▸ **YOUR INSTRUCTIONS**
When the line containing "using 2 t z" appears in the data below, begin copying there and stop only after the line containing "cont] x by auto".
━━━━━━━━━━
(* Let $f:[0,1]\to[0,1]$ be a surjective continuous function that does not admit a splitting sequence. Let $F$ be the set of fixed points of $f$ and let $d$ be an accumulation point of $F$. Then $$\varprojlim f=\varprojlim([0,d],f|_{[0,d]})\cup\varprojlim([d,1],f|_{[d,1]})$$ and $$\varprojlim([0,d],f|_{[0,d]})\cap\varprojlim([d,1],f|_{[d,1]})=\{(d,d,\dots)\}.$$
   Context: $\varprojlim f=\{\mathbf x=(x_0,x_1,\dots)\in[0,1]^{\mathbb N}: f(x_{n+1})=x_n\ \forall n\}$ with the product topology. For a closed interval $J\subseteq[0,1]$, $\varprojlim(J,f|_J)=\{\mathbf x\in\varprojlim f: x_n\in J\text{ for all }n\}$. A sequence $(T_n)_{n\in\mathbb N}$ of closed intervals $T_n\subsetneq[0,1]$ (possibly degenerate) is tight if $f(T_{n+1})=T_n$ for every $n$ and $T_n$ is nondegenerate for all sufficiently large $n$. A tight sequence $(T_n)$, $T_n=[l_n,r_n]$, is a splitting sequence admitted by $f$ if there are an infinite set $N\subseteq\mathbb N$ and nondegenerate closed intervals $S_n\subseteq[0,1]$ ($n\in N$) with $S_n\cap T_n\subseteq\{l_n,r_n\}$ and $f(S_n)=f(T_n)$ for all $n\in N$. *)

theory Defs
  imports "HOL-Analysis.Analysis"
begin

definition inv_lim :: "(real \<Rightarrow> real) \<Rightarrow> (nat \<Rightarrow> real) set" where
  "inv_lim f = {x. (\<forall>n. x n \<in> {0..1}) \<and> (\<forall>n. f (x (Suc n)) = x n)}"

definition inv_lim_on :: "real set \<Rightarrow> (real \<Rightarrow> real) \<Rightarrow> (nat \<Rightarrow> real) set" where
  "inv_lim_on J f = {x \<in> inv_lim f. \<forall>n. x n \<in> J}"

definition tight :: "(real \<Rightarrow> real) \<Rightarrow> (nat \<Rightarrow> real) \<Rightarrow> (nat \<Rightarrow> real) \<Rightarrow> bool" where
  "tight f l r \<longleftrightarrow>
     (\<forall>n. 0 \<le> l n \<and> l n \<le> r n \<and> r n \<le> 1 \<and> {l n..r n} \<noteq> {0..1}) \<and>
     (\<forall>n. f ` {l (Suc n)..r (Suc n)} = {l n..r n}) \<and>
     (\<exists>m. \<forall>n\<ge>m. l n < r n)"

definition splitting_seq :: "(real \<Rightarrow> real) \<Rightarrow> (nat \<Rightarrow> real) \<Rightarrow> (nat \<Rightarrow> real) \<Rightarrow> bool" where
  "splitting_seq f l r \<longleftrightarrow> tight f l r \<and>
     (\<exists>N::nat set. infinite N \<and> (\<exists>a b :: nat \<Rightarrow> real. \<forall>n\<in>N.
        0 \<le> a n \<and> a n < b n \<and> b n \<le> 1 \<and>
        {a n..b n} \<inter> {l n..r n} \<subseteq> {l n, r n} \<and>
        f ` {a n..b n} = f ` {l n..r n}))"

definition admits_splitting_seq :: "(real \<Rightarrow> real) \<Rightarrow> bool" where
  "admits_splitting_seq f \<longleftrightarrow> (\<exists>l r. splitting_seq f l r)"

end

theory Submission
  imports Defs
begin

text \<open>
  Suppose d < y but f y < d (the case y < d < f y is symmetric). Take a fixed point p so
  close to d that the interval [a, b] spanned by d and p lies strictly between f y and y.
  As f fixes a and b, [a, b] is covered by its own image, so it contains a backward chain
  of nondegenerate intervals T n with f (T (n + 1)) = T n. The interval from b to y meets
  [a, b] only in b and its image covers [a, b], so it contains intervals S n with
  f (S n) = T (n - 1) = f (T n): a splitting sequence. Hence, if there is none, f maps
  [0, d] and [d, 1] into themselves. A point of the inverse limit visiting both sides of d
  is then impossible, since all coordinates before a given one stay on its side.
\<close>

lemma Icc_subset_image_Icc:
  fixes f :: "real \<Rightarrow> real"
  assumes "continuous_on {u..v} f" "u \<le> v"
  shows "{f u..f v} \<subseteq> f ` {u..v}" "{f v..f u} \<subseteq> f ` {u..v}"
  using IVT'[of f u _ v] IVT2'[of f v _ u] assms by (fastforce simp: image_iff)+

lemma exists_subinterval_image_eq_Icc_ordered:
  fixes f :: "real \<Rightarrow> real"
  assumes cont: "continuous_on {x1..x2} f" and "x1 < x2" "f x1 = a" "f x2 = b" "a < b"
  shows "\<exists>s t. x1 \<le> s \<and> s < t \<and> t \<le> x2 \<and> f ` {s..t} = {a..b}"
proof -
  \<comment> \<open>s is the last a-value of f in [x1, x2] and t the first b-value after s,
    so f takes neither value a nor b strictly between s and t\<close>
  define A where "A = {x \<in> {x1..x2}. f x = a}"
  define s where "s = Sup A"
  have "closed A" unfolding A_def by (rule continuous_closed_preimage_constant[OF cont]) simp
  moreover have "x1 \<in> A" "bdd_above A" using assms unfolding A_def by auto
  ultimately have "s \<in> A" unfolding s_def by (intro closed_contains_Sup) auto
  then have s: "x1 \<le> s" "s \<le> x2" "f s = a" unfolding A_def by auto
  have s_last: "x \<le> s" if "x \<in> A" for x
    unfolding s_def using cSup_upper[OF that \<open>bdd_above A\<close>] .
  have cont_s: "continuous_on {s..x2} f" using continuous_on_subset[OF cont] s by auto
  define B where "B = {x \<in> {s..x2}. f x = b}"
  define t where "t = Inf B"
  have "closed B" unfolding B_def by (rule continuous_closed_preimage_constant[OF cont_s]) simp
  moreover have "x2 \<in> B" "bdd_below B" using assms s unfolding B_def by auto
  ultimately have "t \<in> B" unfolding t_def by (intro closed_contains_Inf) auto
  then have t: "s \<le> t" "t \<le> x2" "f t = b" unfolding B_def by auto
  have t_first: "t \<le> x" if "x \<in> B" for x
    unfolding t_def using cInf_lower[OF that \<open>bdd_below B\<close>] .
  have "s \<noteq> t" using s(3) t(3) \<open>a < b\<close> by auto
  with t(1) have "s < t" by simp
  have cont_st: "continuous_on {s..t} f" using continuous_on_subset[OF cont] s t by auto
  have "f z \<in> {a..b}" if z: "z \<in> {s..t}" for z
  proof (rule ccontr)
    assume "f z \<notin> {a..b}"
    then consider "f z < a" | "b < f z" by force
    then show False
    proof cases
      case 1
          then obtain w where "z \<le> w" "w \<le> t" "f w = a"
        using IVT'[of f z a t] continuous_on_subset[OF cont_st, of "{z..t}"] z t \<open>a < b\<close> by auto
      moreover have "s < z" using 1 s z by (cases "z = s") auto
      ultimately have "w \<in> A" "s < w" unfolding A_def using s t by auto
      then show False using s_last by fastforce
    next
      case 2
      then obtain w where "s \<le> w" "w \<le> z" "f w = b"
        using IVT'[of f s b z] continuous_on_subset[OF cont_st, of "{s..z}"] z s \<open>a < b\<close> by auto
      moreover have "z < t" using 2 t z by (cases "z = t") auto
      ultimately have "w \<in> B" "w < t" unfolding B_def using s t by auto
      then show False using t_first by fastforce
    qed
  qed
  moreover have "{a..b} \<subseteq> f ` {s..t}"
    using Icc_subset_image_Icc(1)[OF cont_st] \<open>s < t\<close> s t by simp
  ultimately have "f ` {s..t} = {a..b}" by (intro equalityI image_subsetI)
  with s(1) t(2) \<open>s < t\<close> show ?thesis by (intro exI[of _ s] exI[of _ t]) simp
qed

lemma exists_subinterval_image_eq_Icc:
  fixes f :: "real \<Rightarrow> real"
  assumes cont: "continuous_on {u..v} f" and "a < b" and cover: "{a..b} \<subseteq> f ` {u..v}"
  shows "\<exists>s t. u \<le> s \<and> s < t \<and> t \<le> v \<and> f ` {s..t} = {a..b}"
proof -
  have "a \<in> f ` {u..v}" "b \<in> f ` {u..v}" using cover \<open>a < b\<close> by auto
  then obtain x1 x2 where x: "x1 \<in> {u..v}" "f x1 = a" "x2 \<in> {u..v}" "f x2 = b" by blast
  have "x1 \<noteq> x2" using x \<open>a < b\<close> by auto
  then consider "x1 < x2" | "x2 < x1" by linarith
  then show ?thesis
  proof cases
    case 1
    have "continuous_on {x1..x2} f" using continuous_on_subset[OF cont] x by auto
    then obtain s t where st: "x1 \<le> s" "s < t" "t \<le> x2" "f ` {s..t} = {a..b}"
      using exists_subinterval_image_eq_Icc_ordered[OF _ 1 x(2,4) \<open>a < b\<close>] by blast
    have "u \<le> s" "t \<le> v" using st x by auto
    with st show ?thesis by blast
  next
    case 2
    have "continuous_on {x2..x1} (\<lambda>x. - f x)"
      using continuous_on_minus[OF continuous_on_subset[OF cont]] x by auto
    then obtain s t where st: "x2 \<le> s" "s < t" "t \<le> x1" "(\<lambda>x. - f x) ` {s..t} = {-b..-a}"
      using exists_subinterval_image_eq_Icc_ordered[OF _ 2, of "\<lambda>x. - f x" "-b" "-a"] x \<open>a < b\<close> by auto
    have "f ` {s..t} = uminus ` (\<lambda>x. - f x) ` {s..t}" by (simp add: image_image)
    also have "\<dots> = {a..b}" using st(4) by simp
    finally have "f ` {s..t} = {a..b}" .
    moreover have "u \<le> s" "t \<le> v" using st x by auto
    ultimately show ?thesis using st(2) by blast
  qed
qed

lemma exists_backward_Icc_chain:
  fixes f :: "real \<Rightarrow> real"
  assumes cont: "continuous_on {a..b} f" and "a < b" and cover: "{a..b} \<subseteq> f ` {a..b}"
  shows "\<exists>l r. \<forall>n. a \<le> l n \<and> l n < r n \<and> r n \<le> b \<and> f ` {l (Suc n)..r (Suc n)} = {l n..r n}"
proof -
  define P where "P = (\<lambda>(n::nat) (p :: real \<times> real). a \<le> fst p \<and> fst p < snd p \<and> snd p \<le> b)"
  define Q where "Q = (\<lambda>(n::nat) (p :: real \<times> real) q. f ` {fst q..snd q} = {fst p..snd p})"
  have step: "\<exists>q. P (Suc n) q \<and> Q n p q" if p: "P n p" for n p
  proof -
    have "{fst p..snd p} \<subseteq> f ` {a..b}" using p cover unfolding P_def by auto
    then obtain s t where "a \<le> s" "s < t" "t \<le> b" "f ` {s..t} = {fst p..snd p}"
      using exists_subinterval_image_eq_Icc[OF cont] p unfolding P_def by blast
    then show ?thesis unfolding P_def Q_def by (intro exI[of _ "(s, t)"]) simp
  qed
  have "P 0 (a, b)" using \<open>a < b\<close> unfolding P_def by simp
  then obtain T where "\<And>n. P n (T n) \<and> Q n (T n) (T (Suc n))"
    using dependent_nat_choice[of P Q] step by blast
  then show ?thesis unfolding P_def Q_def by (intro exI[of _ "fst \<circ> T"] exI[of _ "snd \<circ> T"]) simp
qed

lemma tight_if_backward_Icc_chain:
  assumes T: "\<And>n. a \<le> l n" "\<And>n. l n < r n" "\<And>n. r n \<le> b"
      "\<And>n. f ` {l (Suc n)..r (Suc n)} = {l n..r n}"
    and ab: "0 \<le> a" "b \<le> 1" "{a..b} \<noteq> {0..1}"
  shows "tight f l r"
proof -
  have "{l n..r n} \<noteq> {0..1}" for n
  proof
    assume "{l n..r n} = {0..1}"
    then have "l n = 0" "r n = 1" using T(2)[of n] by simp_all
    then have "a = 0" "b = 1" using T(1,3)[of n] ab(1,2) by auto
    then show False using ab(3) by simp
  qed
  moreover have "0 \<le> l n" "r n \<le> 1" for n using T(1,3)[of n] ab(1,2) by linarith+
  ultimately show ?thesis unfolding tight_def using T(2,4) by (auto intro: less_imp_le)
qed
━━━━━━━━━━
▸ **SOLVED EXERCISE**
      moreover have "z < t" using 2 t z by (cases "z = t") auto
      ultimately have "w \<in> B" "w < t" unfolding B_def using s t by auto
      then show False using t_first by fastforce
    qed
  qed
  moreover have "{a..b} \<subseteq> f ` {s..t}"
    using Icc_subset_image_Icc(1)[OF cont_st] \<open>s < t\<close> s t by simp
  ultimately have "f ` {s..t} = {a..b}" by (intro equalityI image_subsetI)
  with s(1) t(2) \<open>s < t\<close> show ?thesis by (intro exI[of _ s] exI[of _ t]) simp
qed

lemma exists_subinterval_image_eq_Icc:
  fixes f :: "real \<Rightarrow> real"
  assumes cont: "continuous_on {u..v} f" and "a < b" and cover: "{a..b} \<subseteq> f ` {u..v}"
  shows "\<exists>s t. u \<le> s \<and> s < t \<and> t \<le> v \<and> f ` {s..t} = {a..b}"
proof -
  have "a \<in> f ` {u..v}" "b \<in> f ` {u..v}" using cover \<open>a < b\<close> by auto
  then obtain x1 x2 where x: "x1 \<in> {u..v}" "f x1 = a" "x2 \<in> {u..v}" "f x2 = b" by blast
  have "x1 \<noteq> x2" using x \<open>a < b\<close> by auto
  then consider "x1 < x2" | "x2 < x1" by linarith
  then show ?thesis
  proof cases
    case 1
    have "continuous_on {x1..x2} f" using continuous_on_subset[OF cont] x by auto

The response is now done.